The story of my wife

: long-term love

Le Figaro

loves passionately

  • Red Rocket

    , by Sean Baker

Ex-pornstar returns to her hometown for a fresh start. We discover Mikey as he gets off the bus, back in Texas City, his hometown, 40 years old, $ 22 in his pocket and his face bruised. Surprise. His wife and stepmother did not expect to see him again. He eventually convinces them to let him squat on the sofa for rent. He undertakes to find a job. On his CV, his last job dates back seventeen years. A hell of a hole in his career. He prefers to play honesty with potential employers: he was a porn star in California. Being sincere is not necessarily an asset. He is told that he is overqualified for the job.

Red Rocket's

real eye-

opener

is its lead actor, Simon Rex.Fourth knife in Hollywood (he plays in the series of

Scary Movie

), he is astonishing in the shoes of this fast-paced loser.

To read also:

Red Rocket:

the magnificent loser

  • Drive my car,

    by Ryusuke Hamaguchi

The Saab 900 is red. A Japanese who chooses a Scandinavian brand proves his curiosity, his openness. The stranger does not scare Yusuke who is a director. The couple he forms with a screenwriter seems solid. She has a peculiarity: she invents her intrigues out loud during love. Orgasms inspire her. Sometimes she can't remember what she said between sighs. In the morning, he tells her. She takes notes. After missing a plane, he returns home unexpectedly and discovers her on the sofa having sex with a young actor. She didn't see him. He closes the door silently. In the evening, an accident occurs. Two years later, the widower was invited to a theater festival held in Hiroshima. He came by car. He enjoys being behind the wheel of his vehicle.The regulations oblige him to use a driver. Misaki isn't talkative, with her cap and crumpled tweed jacket. Against the backdrop of Chekhov, Ryusuke Hamaguchi films the meeting of a director and the woman responsible for carrying it. All in delicacy.

Read also:

Drive my car 

: accompanied driving

  • Flag Day,

    by Sean Penn

It all starts with dazzling. That of a kid who describes to her father a cowboy all smiles with his hat, his pair of jeans and his boots. The scene takes place on the side of a highway in Minnesota, in the heart of 1970s America. The family sedan is in the ditch. The mother is chomping at the bit. The siblings are bored. However, the father and the daughter share this moment of complicity, as if to better seal this strong filial bond. Jennifer Vogel's father is not like the others.

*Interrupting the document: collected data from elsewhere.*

(* Fix $\beta > 0$. For $\alpha > 0$ let $G_\alpha(s) = \frac{\beta}{\alpha}\exp(-\frac{\beta s}{\alpha})$ for $s \geq 0$ and $G_\alpha(s) = 0$ for $s < 0$. There exist constants $C > 0$ and $\epsilon_0 \in (0,1/2)$ such that for all $\alpha > 0$, all $\epsilon \in (0, \epsilon_0)$ and all $u \in \mathrm{H}^{1/2-\epsilon}(\mathbb{R})$: $$|G_\alpha \ast u|_{\mathrm{H}^{1/2}} \leq C \alpha^{-\epsilon} |u|_{\mathrm{H}^{1/2-\epsilon}},$$ i.e. the map $u \mapsto G_\alpha \ast u$ from $\mathrm{H}^{1/2-\epsilon}(\mathbb{R})$ to $\mathrm{H}^{1/2}(\mathbb{R})$ has norm of order $\alpha^{-\epsilon}$ for small $\epsilon$, uniformly in $\alpha$.
   Context: For $s \in (0,1)$, $|u|_{\mathrm{H}^s}^2 = \int_{\mathbb{R}} |\xi|^{2s} |(\mathcal{F}u)(\xi)|^2\,\mathrm{d}\xi$, where $\mathcal{F}$ is the Fourier transform; $\ast$ denotes convolution on $\mathbb{R}$. *)

theory Defs
  imports "HOL-Analysis.Analysis"
begin

text \<open>Fourier transform convention:
  (F u)(xi) = integral of exp(-i x xi) u(x) dx; for u in L^2 it is the Plancherel
  transform, i.e. the L^2-limit of the truncated integrals over [-R,R].\<close>

definition is_L2 :: "(real \<Rightarrow> complex) \<Rightarrow> bool" where
  "is_L2 u \<longleftrightarrow> u \<in> borel_measurable lborel \<and> integrable lborel (\<lambda>x. (cmod (u x))\<^sup>2)"

definition fourier_trunc :: "(real \<Rightarrow> complex) \<Rightarrow> real \<Rightarrow> real \<Rightarrow> complex" where
  "fourier_trunc u R \<xi> = (LINT x:{-R..R}|lborel. cis (- (x * \<xi>)) * u x)"

definition has_fourier_L2 :: "(real \<Rightarrow> complex) \<Rightarrow> (real \<Rightarrow> complex) \<Rightarrow> bool" where
  "has_fourier_L2 u F \<longleftrightarrow> F \<in> borel_measurable lborel \<and>
     ((\<lambda>R. \<integral>\<^sup>+ \<xi>. ennreal ((cmod (F \<xi> - fourier_trunc u R \<xi>))\<^sup>2) \<partial>lborel) \<longlongrightarrow> 0) at_top"

definition fourier_L2 :: "(real \<Rightarrow> complex) \<Rightarrow> real \<Rightarrow> complex" where
  "fourier_L2 u = (SOME F. has_fourier_L2 u F)"

definition Hs_seminorm_sq :: "real \<Rightarrow> (real \<Rightarrow> complex) \<Rightarrow> ennreal" where
  "Hs_seminorm_sq s u = (\<integral>\<^sup>+ \<xi>. ennreal (\<bar>\<xi>\<bar> powr (2 * s) * (cmod (fourier_L2 u \<xi>))\<^sup>2) \<partial>lborel)"

definition in_Hs :: "real \<Rightarrow> (real \<Rightarrow> complex) \<Rightarrow> bool" where
  "in_Hs s u \<longleftrightarrow> is_L2 u \<and> Hs_seminorm_sq s u < \<infinity>"

definition G_kernel :: "real \<Rightarrow> real \<Rightarrow> real \<Rightarrow> real" where
  "G_kernel \<beta> \<alpha> s = (if s \<ge> 0 then \<beta> / \<alpha> * exp (- (\<beta> * s / \<alpha>)) else 0)"

definition convolution :: "(real \<Rightarrow> real) \<Rightarrow> (real \<Rightarrow> complex) \<Rightarrow> real \<Rightarrow> complex" where
  "convolution g u x = (\<integral> y. complex_of_real (g (x - y)) * u y \<partial>lborel)"

end

theory Submission
  imports Defs "HOL-Probability.Characteristic_Functions"
begin

text \<open>The Fourier transform of G_alpha is b/(b + i xi) with b = beta/alpha, so convolution with
  G_alpha acts on the Fourier side as multiplication by a function m with
  |xi| |m xi|^2 = |xi| b^2/(b^2 + xi^2) <= b^(2 eps) |xi|^(1 - 2 eps), and
  b^(2 eps) <= max(1, beta)^2 alpha^(-2 eps).
  The real work is to justify this multiplier identity for the Plancherel transform: Plancherel's
  inequality for integrable functions (obtained with a Gaussian regularisation) makes the
  truncated transforms an L2-Cauchy family whose limit exists by completeness, and the transform
  of G_alpha * u is identified by comparing the truncations of u and of G_alpha * u.\<close>

hide_const (open) Convolution.convolution

section \<open>Fourier integral of integrable functions\<close>

definition fourier_integral :: "(real \<Rightarrow> complex) \<Rightarrow> real \<Rightarrow> complex" where
  "fourier_integral f \<xi> = (\<integral>x. cis (-(x*\<xi>)) * f x \<partial>lborel)"

definition L2_norm_sq :: "(real \<Rightarrow> complex) \<Rightarrow> ennreal" where
  "L2_norm_sq f = (\<integral>\<^sup>+x. ennreal ((cmod (f x))\<^sup>2) \<partial>lborel)"

lemma borel_measurable_cis[measurable]: "cis \<in> borel_measurable borel"
  by (intro borel_measurable_continuous_onI continuous_intros)

lemma borel_measurable_cnj[measurable]: "cnj \<in> borel_measurable borel"
  by (intro borel_measurable_continuous_onI continuous_intros)

lemma borel_measurable_fourier_integral[measurable]:
  fixes f :: "real \<Rightarrow> complex"
  assumes [measurable]: "f \<in> borel_measurable borel"
  shows "fourier_integral f \<in> borel_measurable borel"
proof -
  have *: "(\<lambda>(\<xi>, x). cis (-(x*\<xi>)) * f x) \<in> borel_measurable (borel \<Otimes>\<^sub>M borel)"
    by measurable
  have "sets (borel \<Otimes>\<^sub>M lborel) = sets (borel \<Otimes>\<^sub>M (borel :: real measure))"
    by (rule sets_pair_measure_cong) simp_all
  then have "(\<lambda>(\<xi>, x). cis (-(x*\<xi>)) * f x) \<in> borel_measurable (borel \<Otimes>\<^sub>M lborel)"
    using * by (simp cong: measurable_cong_sets)
  then show ?thesis unfolding fourier_integral_def
    by (rule lborel.borel_measurable_lebesgue_integral[of "\<lambda>\<xi> x. cis (-(x*\<xi>)) * f x", simplified])
qed

lemma norm_fourier_integral_le:
  fixes f :: "real \<Rightarrow> complex"
  shows "cmod (fourier_integral f \<xi>) \<le> (\<integral>x. cmod (f x) \<partial>lborel)"
  unfolding fourier_integral_def
  by (rule order.trans[OF integral_norm_bound]) (simp add: norm_mult)

lemma integrable_cis_mult:
  fixes g :: "real \<Rightarrow> complex"
  assumes g: "integrable lborel g"
  shows "integrable lborel (\<lambda>x. cis (-(x*\<xi>)) * g x)"
proof -
  have [measurable]: "g \<in> borel_measurable borel" using g by auto
  show ?thesis
    by (rule Bochner_Integration.integrable_bound[OF g]) (auto simp: norm_mult)
qed

lemma fourier_integral_diff:
  fixes g h :: "real \<Rightarrow> complex"
  assumes g: "integrable lborel g" and h: "integrable lborel h"
  shows "fourier_integral (\<lambda>x. g x - h x) \<xi> = fourier_integral g \<xi> - fourier_integral h \<xi>"
  unfolding fourier_integral_def
  using integrable_cis_mult[OF g, of \<xi>] integrable_cis_mult[OF h, of \<xi>]
  by (simp add: right_diff_distrib)

lemma norm_integral_le_nn_integral:
  fixes f :: "'a \<Rightarrow> 'b::{banach, second_countable_topology}"
  shows "ennreal (norm (integral\<^sup>L M f)) \<le> (\<integral>\<^sup>+x. ennreal (norm (f x)) \<partial>M)"
  by (cases "integrable M f") (simp_all add: integral_norm_bound_ennreal not_integrable_integral_eq)

lemma nn_integral_shift:
  fixes f :: "real \<Rightarrow> ennreal"
  assumes [measurable]: "f \<in> borel_measurable borel"
  shows "(\<integral>\<^sup>+x. f (x - y) \<partial>lborel) = (\<integral>\<^sup>+z. f z \<partial>lborel)"
  using nn_integral_real_affine[of f 1 "-y"] by simp

lemma nn_integral_reflect_shift:
  fixes f :: "real \<Rightarrow> ennreal"
  assumes [measurable]: "f \<in> borel_measurable borel"
  shows "(\<integral>\<^sup>+y. f (x - y) \<partial>lborel) = (\<integral>\<^sup>+z. f z \<partial>lborel)"
  using nn_integral_real_affine[of f "-1" x] by simp

lemma integrable_pair_norm_mult:
  fixes g h :: "real \<Rightarrow> complex"
  assumes g: "integrable lborel g" and h: "integrable lborel h"
  shows "integrable (lborel \<Otimes>\<^sub>M lborel) (\<lambda>(a,b). cmod (g a) * cmod (h b))"
proof (rule integrableI_bounded)
  have [measurable]: "g \<in> borel_measurable borel" "h \<in> borel_measurable borel"
    using g h by auto
  show "(\<lambda>(a,b). cmod (g a) * cmod (h b)) \<in> borel_measurable (lborel \<Otimes>\<^sub>M lborel)" by measurable
  have "(\<integral>\<^sup>+ p. ennreal (norm ((\<lambda>(a,b). cmod (g a) * cmod (h b)) p)) \<partial>(lborel \<Otimes>\<^sub>M lborel))
      = (\<integral>\<^sup>+ a. \<integral>\<^sup>+ b. ennreal (cmod (g a)) * ennreal (cmod (h b)) \<partial>lborel \<partial>lborel)"
    by (subst lborel.nn_integral_fst[symmetric]) (auto simp: ennreal_mult)
  also have "\<dots> = (\<integral>\<^sup>+ a. ennreal (cmod (g a)) * (\<integral>\<^sup>+ b. ennreal (cmod (h b)) \<partial>lborel) \<partial>lborel)"
    by (subst nn_integral_cmult) auto
  also have "\<dots> = (\<integral>\<^sup>+ a. ennreal (cmod (g a)) \<partial>lborel) * (\<integral>\<^sup>+ b. ennreal (cmod (h b)) \<partial>lborel)"
    by (subst mult.commute, subst nn_integral_cmult) (auto simp: mult.commute)
  also have "\<dots> < \<infinity>" using g h unfolding integrable_iff_bounded by (simp add: ennreal_mult_less_top)
  finally show "(\<integral>\<^sup>+ p. ennreal (norm ((\<lambda>(a,b). cmod (g a) * cmod (h b)) p)) \<partial>(lborel \<Otimes>\<^sub>M lborel)) < \<infinity>" .
qed

lemma integral_mult_bounded_kernel_swap:
  fixes g h :: "real \<Rightarrow> complex" and k :: "real \<Rightarrow> real \<Rightarrow> complex"
  assumes g: "integrable lborel g" and h: "integrable lborel h"
    and [measurable]: "case_prod k \<in> borel_measurable (lborel \<Otimes>\<^sub>M lborel)"
    and k_bounded: "\<And>a b. cmod (k a b) \<le> 1"
  shows "(\<integral>a. g a * (\<integral>b. k a b * h b \<partial>lborel) \<partial>lborel)
       = (\<integral>b. h b * (\<integral>a. k a b * g a \<partial>lborel) \<partial>lborel)"
proof -
  have [measurable]: "g \<in> borel_measurable borel" "h \<in> borel_measurable borel"
    using g h by auto
  have "integrable (lborel \<Otimes>\<^sub>M lborel) (case_prod (\<lambda>a b. g a * k a b * h b))"
  proof (rule Bochner_Integration.integrable_bound[OF integrable_pair_norm_mult[OF g h]])
    show "case_prod (\<lambda>a b. g a * k a b * h b) \<in> borel_measurable (lborel \<Otimes>\<^sub>M lborel)"
      by measurable
    have "cmod (g a * k a b * h b) \<le> cmod (g a) * cmod (h b)" for a b
      using mult_left_mono[OF k_bounded[of a b], of "cmod (g a)"]
      by (auto simp: norm_mult intro: mult_right_mono[of _ "cmod (g a)" "cmod (h b)", simplified])
    then show "AE p in lborel \<Otimes>\<^sub>M lborel. norm (case_prod (\<lambda>a b. g a * k a b * h b) p)
        \<le> norm ((\<lambda>(a,b). cmod (g a) * cmod (h b)) p)"
      by (auto split: prod.splits)
  qed
  then have "(\<integral>b. (\<integral>a. g a * k a b * h b \<partial>lborel) \<partial>lborel)
      = (\<integral>a. (\<integral>b. g a * k a b * h b \<partial>lborel) \<partial>lborel)"
    by (rule lborel_pair.Fubini_integral)
  moreover have "(\<integral>a. g a * k a b * h b \<partial>lborel) = h b * (\<integral>a. k a b * g a \<partial>lborel)" for b
  proof -
    have "(\<integral>a. g a * k a b * h b \<partial>lborel) = (\<integral>a. h b * (k a b * g a) \<partial>lborel)"
      by (simp add: ac_simps)
    then show ?thesis by simp
  qed
  ultimately show ?thesis
    by (simp add: mult.assoc)
qed

section \<open>Plancherel's inequality\<close>

lemma integral_cis_gaussian:
  assumes s: "s > 0"
  shows "(\<integral>\<xi>. cis (-(z*\<xi>)) * complex_of_real (exp (-(s*\<xi>)\<^sup>2/2)) \<partial>lborel)
     = complex_of_real (2*pi * normal_density 0 s z)"
proof -
  have c: "char std_normal_distribution (-z/s) = complex_of_real (exp(-((-z/s)\<^sup>2)/2))"
    using char_std_normal_distribution by simp
  have c2: "char std_normal_distribution (-z/s)
      = (\<integral>x. std_normal_density x *\<^sub>R iexp (-z/s * x) \<partial>lborel)"
    unfolding char_def by (subst integral_density) auto
  have "(\<integral>\<xi>. cis (-(z*\<xi>)) * complex_of_real (exp (-(s*\<xi>)\<^sup>2/2)) \<partial>lborel)
     = \<bar>1/s\<bar> *\<^sub>R (\<integral>x. cis (-(z*(0 + 1/s*x))) * complex_of_real (exp (-(s*(0+1/s*x))\<^sup>2/2)) \<partial>lborel)"
    by (rule lborel_integral_real_affine) (use s in simp)
  also have "(\<lambda>x. cis (-(z*(0 + 1/s*x))) * complex_of_real (exp (-(s*(0+1/s*x))\<^sup>2/2)))
      = (\<lambda>x. complex_of_real (sqrt (2*pi)) * (std_normal_density x *\<^sub>R iexp (-z/s * x)))"
    using s by (auto simp: std_normal_density_def cis_conv_exp fun_eq_iff scaleR_conv_of_real)
  also have "(\<integral>x. complex_of_real (sqrt (2*pi)) * (std_normal_density x *\<^sub>R iexp (-z/s * x)) \<partial>lborel)
     = complex_of_real (sqrt (2*pi)) * char std_normal_distribution (-z/s)"
    unfolding c2 by (rule integral_mult_right_zero)
  also have "\<dots> = complex_of_real (sqrt (2*pi)) * complex_of_real (exp(-((-z/s)\<^sup>2)/2))"
    by (simp only: c)
  also have "\<bar>1/s\<bar> *\<^sub>R (complex_of_real (sqrt (2*pi)) * complex_of_real (exp(-((-z/s)\<^sup>2)/2)))
     = complex_of_real (2*pi * normal_density 0 s z)"
  proof -
    have e: "exp(-((-z/s)\<^sup>2)/2) = exp (-(z - 0)\<^sup>2/ (2 * s\<^sup>2))" by (simp add: power_divide)
    have h: "sqrt (2*pi) / s = 2*pi * (1 / sqrt (2 * pi * s\<^sup>2))" using s
      by (simp add: real_sqrt_mult field_simps)
    have "\<bar>1/s\<bar> * (sqrt (2*pi) * exp(-((-z/s)\<^sup>2)/2)) = 2*pi * normal_density 0 s z"
      unfolding e normal_density_def using s h by (simp add: field_simps)
    then show ?thesis by (simp add: scaleR_conv_of_real flip: of_real_mult of_real_divide)
  qed
  finally show ?thesis .
qed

It is this tumultuous relationship, made of love, anger, disappointment and possibly bathed in the memory of a belated forgiveness, that is the beating heart of Sean Penn's sixth film.

Flag Day

revives the vein of his harsh and atmospheric films of which he has the secret, from

The Indian Runner

to

The Pledge

via

Mystic River

or

Into The Wild

.

It is arguably one of his best films.

Read also:

Flag Day

, the comeback of Sean Penn

  • Stillwater,

    by

    Tom McCarthy

In

Stillwater

, by Tom McCarthy (Oscar winner for

Spotlight

, film investigating pedophilia scandals in the Church in Boston), Matt Damon does not play an ultra, but a good guy from Oklahoma (cap-goat-shirt in tiles), Bill Baker, income from everything (unemployment, widowhood, alcohol) and left for Marseille where his daughter Allison, a student who chose to flee her family and her country, is incarcerated in the Baumettes prison, accused of having stabbed her girlfriend. From her cell, Bill's daughter proclaims her innocence. His father leads the investigation, visits the northern districts, takes hits and gives some, but the scenario subtly thwarts the spectator's horizon of expectation.

Stillwater

is not a thriller, let alone a revenge movie.

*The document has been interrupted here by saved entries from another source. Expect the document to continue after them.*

lemma linear_regret:
  assumes T: "1 \<le> T" and y: "y \<in> X" and D: "R y - R (z 1) \<le> D"
  shows "(\<Sum>t\<in>{1..T}. inner (g t) (z t - y)) \<le> D / \<eta> + \<eta> * L\<^sup>2 * T"
proof -
  have "{1..T} = insert T {1..<T}"
    using T by auto
  then have "(\<Sum>t\<in>{1..T}. inner (g t) (z t - y))
      = (\<Sum>t\<in>{1..<T}. inner (g t) (z t - z (Suc t)) + (inner (z (Suc t)) (g t) - inner y (g t)))
        + inner (g T) (z T - y)"
    by (simp add: inner_diff_right inner_commute)
  also have "\<dots> = (\<Sum>t\<in>{1..<T}. inner (g t) (z t - z (Suc t)))
        + ((\<Sum>t\<in>{1..<T}. inner (z (Suc t)) (g t)) - (\<Sum>t\<in>{1..<T}. inner y (g t))
        + inner (g T) (z T - y))"
    by (simp add: sum.distrib sum_subtractf)
  also have "\<dots> \<le> (T - 1) * (\<eta> * L\<^sup>2) + ((R y - R (z 1)) / \<eta> + \<eta> * L\<^sup>2 / 2)"
    using T y by (intro add_mono drift_le leader_regret_le) auto
  also have "\<dots> \<le> D / \<eta> + \<eta> * L\<^sup>2 * T"
  proof -
    have "(R y - R (z 1)) / \<eta> \<le> D / \<eta>"
      using D eta_pos by (simp add: divide_right_mono)
    moreover have "real (T - 1) * (\<eta> * L\<^sup>2) = \<eta> * L\<^sup>2 * T - \<eta> * L\<^sup>2"
      using T by (simp add: of_nat_diff algebra_simps)
    moreover have "0 \<le> \<eta> * L\<^sup>2"
      using eta_pos by simp
    ultimately show ?thesis
      by linarith
  qed
  finally show ?thesis .
qed

lemma convex_regret:
  assumes T: "1 \<le> T" and y: "y \<in> X" and D: "R y - R (z 1) \<le> D"
    and subgrad: "\<And>t. t \<in> {1..T} \<Longrightarrow> f t (z t) + inner (g t) (y - z t) \<le> f t y"
  shows "(\<Sum>t\<in>{1..T}. f t (z t)) - (\<Sum>t\<in>{1..T}. f t y) \<le> D / \<eta> + \<eta> * L\<^sup>2 * T"
proof -
  have "(\<Sum>t\<in>{1..T}. f t (z t)) - (\<Sum>t\<in>{1..T}. f t y) \<le> (\<Sum>t\<in>{1..T}. inner (g t) (z t - y))"
    unfolding sum_subtractf[symmetric]
  proof (rule sum_mono)
    fix t assume "t \<in> {1..T}"
    from subgrad[OF this] show "f t (z t) - f t y \<le> inner (g t) (z t - y)"
      by (simp add: inner_diff_right)
  qed
  also have "\<dots> \<le> D / \<eta> + \<eta> * L\<^sup>2 * T"
    using T y D by (rule linear_regret)
  finally show ?thesis .
qed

The truth is never simple.

Neither men nor cities boil down to their appearance.

Read also:

Stillwater

: an American in Marseille

  • Everything went well

    , by François Ozon

A businessman diminished by illness asks his daughters to help him die.

François Ozon brings to the screen the story of Emmanuel Bernheim with Sophie Marceau, Géraldine Pailhas and André Dussollier, imperial.

André Dussolier finds there a role to his measure, in this diminished and lucid being, who continues to love Brahms and wishes to have lunch one last time at the very chic Voltaire, to order precision wines.

Around him, they drooled over it.

His sculptor wife walks with a cane, does not loosen her lips.

It's Charlotte Rampling, depressed and suffering from Parkinson's.

Ozon, more careful than ever, adapts without trembling the story of Emmanuel Bernheim.

Read also:

Everything went well

, deadly fight

Le Figaro

likes a lot

  • The French Dispatch, by

    Wes Anderson

The French Dispatch

was filmed entirely in Angoulême but for the most part in the studio, which makes a big splash for lovers of the Angoulême city who will find it difficult to recognize Ennui-sur-Blasé.

It was in this city that

The French Dispatch,

a large circulation American magazine

,

was established around 1950

.

Arthur Howitzer Jr., its editor, has just died and the title will cease to appear with its last breath.

The members of his team get together to write his obituary based on their memories.

This is the starting point for four stories.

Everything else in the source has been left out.